Swift has no direct support for interacting with Go, and this payload probably has no special interaction with anything at the Swift level. Most likely, somebody added an extra link flag to the build which adds an extra object file to the linked binary, and that object file has a global constructor which causes some of its code to be run automatically.
I understand why you're reluctant to share this program publicly. However, I get the sense that you're missing a lot of the skills you'll need to make any real progress with this investigation, and it's asking a lot of us to walk you through the basics of building applications here. Please consider getting in touch privately with a security researcher who works with Mac apps; Apple's product security team may be able to help with that.

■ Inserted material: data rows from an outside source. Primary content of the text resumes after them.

lemma ext_normal_eqI: "is_ext_normal \<Omega> x \<nu> \<Longrightarrow> ext_normal \<Omega> x = \<nu>"
  unfolding ext_normal_def
  by (rule the_equality) (use is_ext_normal_unique in \<open>auto simp: is_ext_normal_def\<close>)

locale supergraph_chart =
  fixes \<Omega> :: "'a::euclidean_space set" and x0 :: 'a and r0 M :: real
    and e :: 'a and \<phi> :: "'a \<Rightarrow> real" and g :: "'a \<Rightarrow> 'a"
  assumes open_domain: "open \<Omega>"
    and unit_direction: "norm e = 1"
    and invariant: "\<And>y s. \<phi> (y + s *\<^sub>R e) = \<phi> y"
    and has_gradient: "\<And>y. (\<phi> has_derivative (\<lambda>h. g y \<bullet> h)) (at y)"
    and gradient_bound: "\<And>y. norm (g y) \<le> M"
    and chart: "\<Omega> \<inter> ball x0 r0 = {x \<in> ball x0 r0. (x - x0) \<bullet> e > \<phi> (x - x0)}"
    and center_frontier: "x0 \<in> frontier \<Omega>"
begin

lemma mem_chart_iff: "y \<in> ball x0 r0 \<Longrightarrow> y \<in> \<Omega> \<longleftrightarrow> (y - x0) \<bullet> e > \<phi> (y - x0)"
  using chart by blast

lemma gradient_orthogonal: "g y \<bullet> e = 0"
proof -
  have "((\<lambda>s::real. y + s *\<^sub>R e) has_derivative (\<lambda>s. s *\<^sub>R e)) (at 0)"
    by (auto intro!: derivative_eq_intros)
  moreover have "(\<phi> has_derivative (\<lambda>h. g y \<bullet> h)) (at ((\<lambda>s::real. y + s *\<^sub>R e) 0))"
    using has_gradient by simp
  ultimately have "((\<lambda>s. \<phi> (y + s *\<^sub>R e)) has_derivative (\<lambda>s. g y \<bullet> (s *\<^sub>R e))) (at 0)"
    using has_derivative_compose by fastforce
  moreover have "((\<lambda>s::real. \<phi> (y + s *\<^sub>R e)) has_derivative (\<lambda>s. 0)) (at 0)"
    by (simp add: invariant)
  ultimately have "(\<lambda>s::real. g y \<bullet> (s *\<^sub>R e)) = (\<lambda>s. 0)"
    by (rule has_derivative_unique)
  then show ?thesis by (metis inner_scaleR_right mult_1)
qed
(* For $n\ge 6$ consider partitions of $n$ with parts $q_1\ge q_2\ge\dots\ge q_h$ such that $h\ge 4$, $q_j-q_{j+1}\in\{0,1\}$ for all $1\le j<h$, $q_1=q_2$, and $q_{h-2}=3$, $q_{h-1}=2$, $q_h=1$. Let $e'(n)$ (resp. $o'(n)$) be the number of such partitions with an even (resp. odd) number $h$ of parts. For an integer $t$ put $P_1(t)=\tfrac12(3t^2+t+4)$, $P_2(t)=\tfrac12(3(t+1)^2-t-1)$, $P_3(t)=\tfrac12(3(t+1)^2-t+3)$, $P_4(t)=\tfrac12(3(t+1)^2+t+1)$. Then for every integer $n\ge 6$: (a) $e'(n)=o'(n)$ if $n\notin\{P_1(t),P_2(t),P_3(t),P_4(t)\}$ for every integer $t\ge 2$; (b) $e'(n)=o'(n)+1$ if $n=P_1(t)$ or $n=P_4(t)$ for some integer $t\ge 2$; (c) $e'(n)=o'(n)-1$ if $n=P_2(t)$ or $n=P_3(t)$ for some integer $t\ge 2$. *)

theory Defs
  imports Main
begin

text \<open>A partition is represented by the list q = [q_1, ..., q_h] of its parts
(index j in the list corresponds to q_(j+1)).  Consecutive differences in {0,1}
make the list weakly decreasing, and q_h = 1 makes all parts positive.\<close>

definition good_partition :: "nat \<Rightarrow> nat list \<Rightarrow> bool" where
  "good_partition n q \<longleftrightarrow>
     sum_list q = n \<and> length q \<ge> 4 \<and>
     (\<forall>j. j + 1 < length q \<longrightarrow> q ! j - q ! (j+1) \<in> {0,1} \<and> q ! j \<ge> q ! (j+1)) \<and>
     q ! 0 = q ! 1 \<and>
     q ! (length q - 3) = 3 \<and> q ! (length q - 2) = 2 \<and> q ! (length q - 1) = 1"

definition e' :: "nat \<Rightarrow> nat" where
  "e' n = card {q. good_partition n q \<and> even (length q)}"

definition o' :: "nat \<Rightarrow> nat" where
  "o' n = card {q. good_partition n q \<and> odd (length q)}"

text \<open>The numerators below are always even, so div 2 is exact division.\<close>
definition P1 :: "int \<Rightarrow> int" where "P1 t = (3*t^2 + t + 4) div 2"
definition P2 :: "int \<Rightarrow> int" where "P2 t = (3*(t+1)^2 - t - 1) div 2"
definition P3 :: "int \<Rightarrow> int" where "P3 t = (3*(t+1)^2 - t + 3) div 2"
definition P4 :: "int \<Rightarrow> int" where "P4 t = (3*(t+1)^2 + t + 1) div 2"

end

theory Submission
  imports Defs "HOL-Library.Disjoint_Sets"
begin

text \<open>
  A partition whose consecutive parts differ by at most one and whose smallest part is 1 is
  determined by its multiplicity list c, where c ! i \<ge> 1 is the multiplicity of the part i + 1.
  Its size is the weight \<Sum> (i + 1) c ! i, its number of parts is sum_list c, and the
  conditions of the theorem become c ! 0 = c ! 1 = 1 and last c \<ge> 2.

  Lowering the two largest parts by one maps the lists with last c = 2 and length at least 4
  bijectively onto the lists of size n - 2 with last c \<ge> 3; the remaining list with
  last c = 2 is [1, 1, 2], of size 9. Through conjugation, a list with last c \<ge> 3 is a
  partition into distinct parts, and Franklin's involution pairs these with opposite signs,
  except for the lists of k ones followed by k + 2 or by k + 1, of sizes P4 k and P2 k. Hence
  e'(n) - o'(n) counts positively the representations n = P4 t, n = P4 t + 2 = P1 (t + 1) and
  n = 9 = P1 2, and negatively n = P2 t and n = P2 t + 2 = P3 t. Finally, the four values at t
  lie in the block (P4 (t - 1), P4 t] in strictly increasing order P1, P2, P3, P4, so n has at
  most one such representation.
\<close>

section \<open>Multiplicity lists\<close>

definition weight :: "nat list \<Rightarrow> nat" where
  "weight c = (\<Sum>i<length c. Suc i * c ! i)"

text \<open>expand c is the partition, listed in decreasing order, with c ! i parts equal to i + 1.\<close>

fun expand :: "nat list \<Rightarrow> nat list" where
  "expand [] = []"
| "expand (x # xs) = map Suc (expand xs) @ replicate x 1"

abbreviation gapless :: "nat list \<Rightarrow> bool" where
  "gapless \<equiv> successively (\<lambda>a b. b \<le> a \<and> a \<le> Suc b)"

lemma weight_Nil [simp]: "weight [] = 0"
  by (simp add: weight_def)

lemma weight_Cons: "weight (x # xs) = x + weight xs + sum_list xs"
proof -
  have "weight (x # xs) = x + (\<Sum>i<length xs. Suc (Suc i) * xs ! i)"
    unfolding weight_def length_Cons sum.lessThan_Suc_shift by simp
  also have "\<dots> = x + weight xs + (\<Sum>i<length xs. xs ! i)"
    by (simp add: weight_def sum.distrib)
  finally show ?thesis
    by (simp add: sum_list_sum_nth atLeast0LessThan)
qed

lemma weight_snoc: "weight (c @ [x]) = weight c + Suc (length c) * x"
  by (simp add: weight_def nth_append)

lemma weight_map_upt: "weight (map f [0..<k]) = (\<Sum>i<k. Suc i * f i)"
  by (simp add: weight_def)

lemma weight_split_last:
  "c \<noteq> [] \<Longrightarrow> weight c = (\<Sum>i<length c - 1. Suc i * c ! i) + length c * last c"
  by (cases c rule: rev_cases) (simp_all add: weight_def nth_append)
theorem proposition3p7:
  fixes n :: nat
  assumes "n > 0"
  shows "\<exists>m. m \<in> L_set n \<and> (\<forall>x\<in>L_set n. m \<le> x) \<and>
             m \<in> M_set n \<and> (\<forall>x\<in>M_set n. m \<le> x)"
proof -
  define m where "m = Inf (M_set n)"
  obtain \<xi> \<xi>' where "\<xi> \<noteq> \<xi>'" and mu: "mu_n n \<xi> \<xi>' = ereal m"
    using Inf_M_set_attained[OF assms] unfolding m_def by blast
  then have "m \<in> M_set n" unfolding M_set_def by blast
  have M_lower: "\<forall>x\<in>M_set n. m \<le> x"
    unfolding m_def using cInf_lower[OF _ bdd_below_M_set] by blast
  have L_lower: "\<forall>x\<in>L_set n. m \<le> x"
    unfolding m_def using Inf_M_set_le_L_set[OF assms] by blast
  have "lambda_n n \<xi> \<le> ereal m"
    using lambda_n_le_mu_n[OF \<open>\<xi> \<noteq> \<xi>'\<close>, of n] mu by simp
  with lambda_n_nonneg[of n \<xi>] obtain l where l: "lambda_n n \<xi> = ereal l" "l \<le> m"
    by (cases "lambda_n n \<xi>") auto
  moreover have "\<xi> \<notin> \<rat>"
    using mu by (intro mu_n_finite_imp_irrational[of n \<xi> \<xi>' m]) simp
  ultimately have "l \<in> L_set n"
    unfolding L_set_def by blast
  with L_lower l have "m \<in> L_set n"
    by (metis antisym)
  with \<open>m \<in> M_set n\<close> M_lower L_lower show ?thesis by blast
qed

end
lemma measure_bad_event_le:
  fixes \<theta> :: "(int ^ 'd) pmf"
  assumes "\<forall>k. pmf (offspring_law L0 Kl p (Inl k)) 0 \<le> b"
    and "integrable (measure_pmf \<theta>) (\<lambda>x. norm (zvec x) powr q)" and "q > 0" "r > 0"
  shows "measure (brw_space L0 Kl p \<theta>) (bad_event n L r)
       \<le> (real n + 1) * b ^ (L + 1)
         + (2 * real n + 1) * (measure_pmf.expectation \<theta> (\<lambda>x. norm (zvec x) powr q) / r powr q)"
proof -
  interpret prob_space "brw_space L0 Kl p \<theta>"
    by (rule prob_space_brw_space)
  define E where "E = measure_pmf.expectation \<theta> (\<lambda>x. norm (zvec x) powr q) / r powr q"
  let ?W = "\<Union>i\<le>n. barren_window (min i (n - L)) L"
  let ?S = "\<Union>k<n. large_increment r (Inl k)"
  let ?F = "\<Union>k\<le>n. large_increment r (Inr (k, 0, []))"
  have "?W \<in> events" "?S \<in> events" "?F \<in> events"
    by measurable
  then have "prob (bad_event n L r) \<le> prob ?W + prob ?S + prob ?F"
    unfolding bad_event_def
    by (intro order_trans[OF measure_subadditive] add_right_mono measure_subadditive)
      (simp_all add: emeasure_finite)
  also have "\<dots> \<le> (\<Sum>i\<le>n. prob (barren_window (min i (n - L)) L))
      + (\<Sum>k<n. prob (large_increment r (Inl k))) + (\<Sum>k\<le>n. prob (large_increment r (Inr (k, 0, []))))"
    by (intro add_mono finite_measure_subadditive_finite) auto
  also have "\<dots> \<le> (\<Sum>i\<le>n. b ^ (L + 1)) + (\<Sum>k<n. E) + (\<Sum>k\<le>n. E)"
    unfolding E_def using assms
    by (intro add_mono sum_mono measure_barren_window_le measure_large_increment_le) auto
  also have "\<dots> = (real n + 1) * b ^ (L + 1) + (2 * real n + 1) * E"
    by (simp add: algebra_simps)
  finally show ?thesis
    unfolding E_def .
qed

So extracting a standalone binary is a fools errand to attempt to pull out an executable Go binary because it won’t necessarily have a constructor?
Yeah, I’m certainly in over my head with it. I’ve done more talking about it on this thread than working on it of late. If there’s a safe way to pull this artifact from the surrounding Swift that was my objective to hand a researcher and/or authorities. As it stands I’d have to hand them the whole Swift executable which is licensed software and was wanting to avoid that ideally.
I’ll do some more thinking on this and report back.